Despite deeming it illegal, Arce thinks it is interesting that
Cemig wants to take part in the Cesp Paran  privatization for a
simple reason. "I want six bidders to boost Cesp's premium," he
confessed.

Arce revealed that Cesp has medium and long-term dollar-
denominated liabilities of $3.5 billion and the minimum asking
price for the generator was set at R$1.739 billion for 38.6
percent of the its total equity.


CVRD: Suzano Now Intends To Participate In Biddding
---------------------------------------------------
Cia Suzano de Papel e Celulose, which was previously reported to
have withdrawn from the bidding process of Cenibra, now intends
to take over it when CVRD (Companhia Vale do Rio Doce) puts it up
for sale on May 11, South American Business Information report
Friday. The deal depends on an agreement to be signed with its
partner BNDESpar, according to Suzano's CEO, Mr. David Feffer.
Suzano has just concluded the acquisition of Bahia Sul for R$320
million.

CVRD, the world's largest producer and exporter of iron ore,
recently announced it would sell off its 51.48 percent stake in
Cenibra via a sealed-bid auction on May 11.


INDUSTRIAS KLABIN: To Release 1Q Financial Results May 7, 2001
--------------------------------------------------------------
Industrias Klabin de Papel e Celulose SA, Latin America's largest
pulp and paper company is expected to release first-quarter
financial information on May 7 before Brazilian markets open at
10 a.m. (9 a.m. New York time), Bloomberg said Friday. According
to the median of three analysts surveyed by Bloomberg News,
Klabin will report a first-quarter consolidated net loss of 80
million reais ($36 million), or about 8 centavos a share,
compared with a profit of 37.7 million reais, or 5 centavos per
shares in the first quarter 2000. The highest estimate of net
income was 100 million reais for the quarter, the lowest 59
million reais. The average estimate was also 80 million reais.

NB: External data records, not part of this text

lemma lift_linear_sum:
  "lift_linear n z (\<lambda>q. \<Sum>p\<in>P. c p * w p q) i j = (\<Sum>p\<in>P. c p * lift_linear n z (w p) i j)"
  unfolding lift_linear_eq
  by (simp add: sum_distrib_left sum.swap[of _ P] sum_negf)

definition f_z_deriv :: "nat \<Rightarrow> (nat \<Rightarrow> nat) \<Rightarrow> ((nat \<Rightarrow> nat) \<Rightarrow> real ^ 'm) \<Rightarrow> (nat \<Rightarrow> nat)
    \<Rightarrow> (nat \<Rightarrow> real) \<Rightarrow> (nat \<Rightarrow> real) \<Rightarrow> real ^ 'm" where
  "f_z_deriv k n \<phi> z y w = (\<Sum>J\<in>idx_tuples k n.
      (\<Sum>s<k. lift_linear n z w s (J s) * (\<Prod>r\<in>{..<k} - {s}. lift n z y r (J r))) *\<^sub>R \<phi> J)"

lemma has_vector_derivative_f_z_line:
  "((\<lambda>\<tau>. f_z k n \<phi> z (\<lambda>q. x q + \<tau> * w q)) has_vector_derivative
      f_z_deriv k n \<phi> z (\<lambda>q. x q + t * w q) w) (at t)"
proof -
  let ?a = "\<lambda>J s. lift n z x s (J s)" and ?b = "\<lambda>J s. lift_linear n z w s (J s)"
  have "((\<lambda>\<tau>. \<Prod>s<k. ?a J s + \<tau> * ?b J s) has_real_derivative
      (\<Sum>s<k. ?b J s * (\<Prod>r\<in>{..<k} - {s}. ?a J r + t * ?b J r))) (at t)" for J
    by (rule has_field_derivative_prod) (auto intro!: derivative_eq_intros)
  from has_vector_derivative_scaleR[OF this has_vector_derivative_const]
  have "((\<lambda>\<tau>. (\<Prod>s<k. ?a J s + \<tau> * ?b J s) *\<^sub>R \<phi> J) has_vector_derivative
      (\<Sum>s<k. ?b J s * (\<Prod>r\<in>{..<k} - {s}. ?a J r + t * ?b J r)) *\<^sub>R \<phi> J) (at t)" for J
    by simp
  then show ?thesis
    unfolding f_z_def fourier_def f_z_deriv_def lift_add_scaled
    by (intro has_vector_derivative_sum)
qed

A 9.4-percent decrease in the value of Brazil's real during the
first quarter drove up the local currency value of the company's
debt. Of the 2.63 billion reais the company had in debt at the
end of 2000, 1.64 billion, or 63 percent, was in dollars.

Klabin is also expected to record extraordinary expenses related
to last year's purchase of the Igaras paper mill.

"Losses will come because of foreign-currency-related debt losses
and the continuing costs of buying the Igaras mill," said Marcio
Lins, a pulp and paper analyst at Banco Pactual in Rio de
Janeiro. "The company is heavily indebted," he added.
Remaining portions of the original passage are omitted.